The Book of SWF, 13:17: And that no man may speak or write Cornish, save that he have the mark of Kernowak, either the name of NJW or a dictionary of Evertype.
That doesn't make any sense. We do not criticize KK for writing yw for 'is'. We criticize George for abandoning traditional orthography simply because he thought it didn't matter and that his choices were "more logical". It's his arbitrary choices which people object to and have objected to for 20 years. (It is also the behaviour of his supporters to anyone who opposes them what we object to.
*Bywnans is an error. It is a spelling of a word which is very well attested as bewnans and bownans. The spelling *bywnans does not occur even once in traditional Cornish. George uses it because he wants this word to be spelt etymologically. That's Cornish-as-George-wants-it-to-be, and not Cornish-as-it-was. Why should George's judgement be preferred here? He certainly has no time machine.
Yet when George is criticized, we are "trying to destroy 21st-century Cornish".
In Writings on Revived Cornish, we reprint Williams' article from Cornish Studies Nine[i/] listing [i]hundreds of errors in citation, taken from George's dictionary. His work is supposed to be "scientific", but his citations are not correct. For instance, Gerlyver Kernewek Kemmyn says that gast is confined to a single instance in Lhuyd. It occurs five times. The "modern and scholarly dictionary"'s citation is wrong. And there are hundreds of these errors, all ignored by George, and indeed by Keith, to whom I have pointed out this article many times. The response is alwasy head-in-the-sand pretending the article doesn't exist.
A scientist welcomes criticism and is glad when errors are pointed out. A scientist corrects the errors.
That's a nice, safe way for you to dismiss someone with whom you disagree. But in our discussions I have always tried to be courteous with you, and you have tended to mockery or dismissal.
You can pretend that I don't know anything about Cornish if that makes you more comfortable. It's not true, however.
Have you read Form and Content in Revived Cornish? You can find out about it here: http://www.ever...content.html. It contains a long review of Syed's New Testamant. Syed claimed that the translations were all made from the Greek, and that claim is demonstrably false, since it is possible to show which particular English translation was really used by the translators. Is pointing this "trashing" it? It seems to me that it is fair criticism.
Seriously, however. You have forgotten that thousands of man-hours of valuable work were done in Unified Cornish in the decades prior to 1986. And you are ignoring the fact that thousands of man-hours of valuable work were done in preparing Williams' English-Cornish Dictionary which will also need to be replaced if a fifth form is chosen for the SWF.
But we know so much more about Cornish than we did once. The Fifth Form, agreed by consensus rather than the work of one person, will be better than anything the Revival has had previously.
I do not think that burning books, no matter what their content is a 'pleasant image'. I find it very disturbing to suggest something like that.

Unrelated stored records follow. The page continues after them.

text \<open>
  Write \<open>S(h,k) = 3 D(h,k) / k\<^sup>2\<close> with the integer
  \<open>D(h,k) = \<Sum> (2j - k)(2(hj mod k) - k)\<close>, summed over \<open>0 < j < k\<close>.
  As multiplication by \<open>h\<close> permutes the nonzero residues modulo \<open>k\<close>, the inequality
  \<open>2|ab| \<le> a\<^sup>2 + b\<^sup>2\<close> gives \<open>|S(h,k)| \<le> S(1,k) = (k-1)(k-2)/k\<close>, and replacing \<open>h\<close> by
  \<open>k - h\<close> changes the sign of \<open>S(h,k)\<close>. Counting lattice points below the diagonal of the
  \<open>h \<times> k\<close> rectangle yields the reciprocity law
  \<open>S(h,k) + S(k,h) = h/k + k/h + 1/(hk) - 3\<close>.

  Since \<open>S(n,2) = 0\<close> for odd \<open>n\<close>, reciprocity evaluates \<open>S(2,n)\<close> exactly, and for
  any \<open>m\<close> it determines \<open>S(m,n)\<close> up to the error \<open>|S(n,m)| \<le> (m-1)(m-2)/m\<close>.
  For \<open>3 \<le> m \<le> (n-1)/2\<close> the resulting upper bound is already below \<open>S(2,n)\<close>; for
  \<open>m \<ge> (n+3)/2\<close> the lower bound for \<open>S(n-m,n) = -S(m,n)\<close> does the job. Both comparisons
  reduce to a polynomial inequality in \<open>m\<close> and \<open>n\<close>.
\<close>

section \<open>Integer division and residues\<close>

lemma double_sum_Icc_int: "k \<ge> 0 \<Longrightarrow> 2 * (\<Sum>j=1..k. j) = k * (k + 1 :: int)"
proof (induction k rule: int_ge_induct)
  case (step i)
  then have "{1..i+1} = insert (i+1) {1..i}" by auto
  with step show ?case by (simp add: algebra_simps)
qed simp

lemma six_sum_squares_Icc_int: "k \<ge> 0 \<Longrightarrow> 6 * (\<Sum>j=1..k. j^2) = k * (k + 1) * (2*k + 1 :: int)"
proof (induction k rule: int_ge_induct)
  case (step i)
  then have "{1..i+1} = insert (i+1) {1..i}" by auto
  with step show ?case by (simp add: algebra_simps power2_eq_square)
qed simp

lemma int_le_div_iff_mult_le: "(k::int) > 0 \<Longrightarrow> i \<le> x div k \<longleftrightarrow> k * i \<le> x"
  by (smt (verit, ccfv_threshold) mod_mult_div_eq nonzero_mult_div_cancel_left pos_mod_sign zdiv_mono1)

lemma sawtooth_of_int_divide:
  fixes x k :: int
  assumes "k > 0"
  shows "sawtooth (of_int x / of_int k) =
    (if k dvd x then 0 else (2 * of_int (x mod k) - of_int k) / (2 * of_int k))"
proof (cases "k dvd x")
  case False
  have "(of_int x :: real) = of_int k * of_int (x div k) + of_int (x mod k)"
    by (metis of_int_add of_int_mult mult_div_mod_eq)
  then have "(of_int x :: real) / of_int k - of_int (x div k) = of_int (x mod k) / of_int k"
    using assms by (simp add: field_simps)
  moreover have "(of_int x :: real) / of_int k \<notin> \<int>"
    using False assms by (simp add: of_int_div_of_int_in_Ints_iff)
  ultimately show ?thesis
    using False assms by (simp add: sawtooth_def floor_divide_of_int_eq diff_divide_distrib)
qed (use assms in \<open>auto simp: sawtooth_def of_int_div_of_int_in_Ints_iff\<close>)

lemma coprime_not_dvd_mult:
  fixes h k j :: int
  assumes "coprime h k" and "j \<in> {1..k-1}"
  shows "\<not> k dvd h * j"
  using assms by (auto simp: coprime_dvd_mult_right_iff coprime_commute dest: zdvd_imp_le)

lemma coprime_diff_self_left: "coprime (k - h) k \<longleftrightarrow> coprime h (k::int)"
  by (simp add: coprime_iff_gcd_eq_1 gcd_diff2)

lemma bij_betw_mult_mod:
  fixes h k :: int
  assumes "coprime h k"
  shows "bij_betw (\<lambda>j. (h * j) mod k) {1..k-1} {1..k-1}"
proof -
  have "inj_on (\<lambda>j. (h * j) mod k) {1..k-1}"
  proof (rule inj_onI)
    fix a b assume a: "a \<in> {1..k-1}" and b: "b \<in> {1..k-1}" and "(h * a) mod k = (h * b) mod k"
    then have "k dvd h * a - h * b" by (simp only: mod_eq_dvd_iff)
    then have "k dvd h * (a - b)" by (simp add: right_diff_distrib)
    then have "k dvd a - b" using assms by (simp add: coprime_dvd_mult_right_iff coprime_commute)
    then have "a mod k = b mod k" by (simp only: mod_eq_dvd_iff)
    moreover have "a mod k = a" "b mod k = b" using a b by auto
    ultimately show "a = b" by simp
  qed
  moreover have "(\<lambda>j. (h * j) mod k) ` {1..k-1} \<subseteq> {1..k-1}"
  proof (rule image_subsetI)
    fix j assume "j \<in> {1..k-1}"
    then have "(h * j) mod k \<noteq> 0" and k: "0 < k"
      using coprime_not_dvd_mult[OF assms] by (auto simp: dvd_eq_mod_eq_0)
    moreover have "0 \<le> (h * j) mod k" "(h * j) mod k < k" using k by simp_all
    ultimately show "(h * j) mod k \<in> {1..k-1}" by simp
  qed
  ultimately show ?thesis by (simp add: bij_betw_def endo_inj_surj)
qed

lemma sum_mult_mod_reindex:
  fixes h k :: int
  assumes "coprime h k"
  shows "(\<Sum>j=1..k-1. f ((h * j) mod k)) = (\<Sum>j=1..k-1. f j)"
  using sum.reindex_bij_betw[OF bij_betw_mult_mod[OF assms]] .

lemma abs_sum_mult_reindex_le:
  fixes f :: "'a \<Rightarrow> 'b::linordered_idom"
  assumes "bij_betw g A A"
  shows "\<bar>\<Sum>j\<in>A. f j * f (g j)\<bar> \<le> (\<Sum>j\<in>A. (f j)^2)"
proof -
  have "2 * \<bar>f j * f (g j)\<bar> \<le> (f j)^2 + (f (g j))^2" for j
  proof -
    have "0 \<le> (\<bar>f j\<bar> - \<bar>f (g j)\<bar>)^2" by simp
    then show ?thesis by (simp add: abs_mult power2_eq_square algebra_simps)
  qed
  then have "2 * (\<Sum>j\<in>A. \<bar>f j * f (g j)\<bar>) \<le> (\<Sum>j\<in>A. (f j)^2) + (\<Sum>j\<in>A. (f (g j))^2)"
    by (simp add: sum_distrib_left flip: sum.distrib) (rule sum_mono)
  also have "(\<Sum>j\<in>A. (f (g j))^2) = (\<Sum>j\<in>A. (f j)^2)"
    using sum.reindex_bij_betw[OF assms] .
  finally show ?thesis
    by (simp add: order_trans[OF sum_abs])
qed

section \<open>The Dedekind sum as a quotient of integers\<close>

definition dedekind_numerator :: "int \<Rightarrow> int \<Rightarrow> int" where
  "dedekind_numerator h k = (\<Sum>j=1..k-1. (2*j - k) * (2 * ((h * j) mod k) - k))"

I will still have a KK dictionary sat on my shelf despite the fact that I do not use KK, even if it were eventually abandoned.
Come on, Morvyl, it was a bit of levity. I took FlammNew's comment to be ironic, and I marked my comment with an "evil smiley" to indicate black humour. The image is cinematic, and reminded me of an old Frankestein movie where all the villagers are out with their torches.

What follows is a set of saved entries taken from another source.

lemma tendsto_kernel_if_tendsto_chaos_coeff:
  assumes "p \<in> {1..q}" "\<forall>\<^sub>F n in sequentially. l2_sym0 p (g n p)" "l2_sym0 p (h p)"
    and "is \<in> tuples p A" and coeff: "\<forall>S \<subseteq> A. (\<lambda>n. chaos_coeff q (c n) (g n) S) \<longlonglongrightarrow> chaos_coeff q c' h S"
  shows "(\<lambda>n. g n p is) \<longlonglongrightarrow> h p is"
proof (cases "distinct is")
  case True
  have "length is = p" "set is \<subseteq> A"
    using assms(4) by (auto simp: tuples_def)
  have "(\<lambda>n. chaos_coeff q (c n) (g n) (set is)) \<longlonglongrightarrow> chaos_coeff q c' h (set is)"
    using coeff \<open>set is \<subseteq> A\<close> by blast
  moreover have "\<forall>\<^sub>F n in sequentially. chaos_coeff q (c n) (g n) (set is) = fact p * g n p is"
    using assms(2) by eventually_elim (use assms(1) True \<open>length is = p\<close> in \<open>simp add: chaos_coeff_set\<close>)
  ultimately have "(\<lambda>n. fact p * g n p is) \<longlonglongrightarrow> chaos_coeff q c' h (set is)"
    by (rule Lim_transform_eventually)
  then have "(\<lambda>n. fact p * g n p is) \<longlonglongrightarrow> fact p * h p is"
    using assms(1,3) True \<open>length is = p\<close> by (simp add: chaos_coeff_set)
  then have "(\<lambda>n. inverse (fact p) * (fact p * g n p is)) \<longlonglongrightarrow> inverse (fact p) * (fact p * h p is)"
    by (rule tendsto_mult_left)
  then show ?thesis by simp
next
  case False
  have "\<forall>\<^sub>F n in sequentially. g n p is = h p is"
    using assms(2) by eventually_elim (use assms(3) False in \<open>simp add: l2_sym0_diag\<close>)
  then show ?thesis by (rule tendsto_eventually)
qed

I get different images when I see burning books. Books epitomise knowledge, experience, pleasure, the life and imagination of people(s), cultures, civilisations dead or alive. The burning of books, whether it happened as an accident (I assume) such as Alexandria's library, or whether it was "villagers' rage with torches" trying to rid their closed minded existence from books written by 'undesirable elements of society' as the NAZIs did with books written by Jews - it's always a tragedy and an incredible loss. Sorry, if I seem a little uptight about this, but there is little that symbolises stupidity, closed mindedness and ignorance as much as burning books. (that is unless you are freezing and books are the only thing you've got to keep the fire going - even then I'd be rubbing my hands over the flames crying).

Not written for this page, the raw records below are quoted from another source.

(* Let $G$ be a threshold graph with $n\ge3$ vertices and $\mathrm{seq}(G)=s_1s_2\cdots s_{n-1}$. Then $G$ is Hamiltonian if and only if $s_{n-1}=1$ and $h(s_1s_2\cdots s_{n-2})=0$.
   Context: A threshold graph on $n\ge1$ vertices is built from a base vertex $v_0$ by successively adding $v_1,\dots,v_{n-1}$, each either isolated (adjacent to no earlier vertex) or dominating (adjacent to all earlier vertices); its creation sequence $\mathrm{seq}(G)=s_1\cdots s_{n-1}$ has $s_i=1$ if $v_i$ is dominating and $s_i=0$ otherwise. For a binary string $s=s_1\cdots s_m$ and $0\le k\le m$, the $k$-th tail is $s_{m-k+1}\cdots s_m$ (empty for $k=0$); $z_k(s)$, $u_k(s)$ are the numbers of zeros and ones in it, and $h(s)=\max_{0\le k\le m}\{z_k(s)-u_k(s)\}$. *)

theory Defs
  imports Main
begin

(* Binary strings are bool lists: True = 1 (dominating), False = 0 (isolated).
   A creation sequence s = s_1 ... s_{n-1} is the list [s_1, ..., s_{n-1}],
   so s_i = s ! (i - 1). *)

definition tail_k :: "nat \<Rightarrow> bool list \<Rightarrow> bool list" where
  "tail_k k s = drop (length s - k) s"

definition zeros :: "nat \<Rightarrow> bool list \<Rightarrow> nat" where
  "zeros k s = length (filter (\<lambda>b. \<not> b) (tail_k k s))"

definition ones :: "nat \<Rightarrow> bool list \<Rightarrow> nat" where
  "ones k s = length (filter (\<lambda>b. b) (tail_k k s))"

definition h :: "bool list \<Rightarrow> int" where
  "h s = Max {int (zeros k s) - int (ones k s) | k. k \<le> length s}"

(* Threshold graph with creation sequence s: vertices v_0,...,v_{length s}
   represented by 0..length s; for i < j, v_i v_j is an edge iff v_j is
   dominating, i.e. s_j = 1, i.e. s ! (j - 1). *)
definition tg_vertices :: "bool list \<Rightarrow> nat set" where
  "tg_vertices s = {0..length s}"

definition tg_adj :: "bool list \<Rightarrow> nat \<Rightarrow> nat \<Rightarrow> bool" where
  "tg_adj s i j \<longleftrightarrow> i \<in> tg_vertices s \<and> j \<in> tg_vertices s \<and> i \<noteq> j \<and>
     s ! (max i j - 1)"

definition hamiltonian :: "'a set \<Rightarrow> ('a \<Rightarrow> 'a \<Rightarrow> bool) \<Rightarrow> bool" where
  "hamiltonian V E \<longleftrightarrow> (\<exists>c. distinct c \<and> set c = V \<and> length c \<ge> 3 \<and>
      (\<forall>i < length c - 1. E (c ! i) (c ! Suc i)) \<and> E (last c) (hd c))"

end

theory Submission
  imports Defs
begin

I have to agree with morvyl, the selective destruction of books and thereby knowledge is tantamount to trying to assert mind control. Reminds me of the church trying to suppress books printed in languages other than Latin in case the ordinary people read them and obtained more knowledge than the church wanted them to have. If only the books in Glasney library was still in existence we wouldn't be having a lot of these arguments today.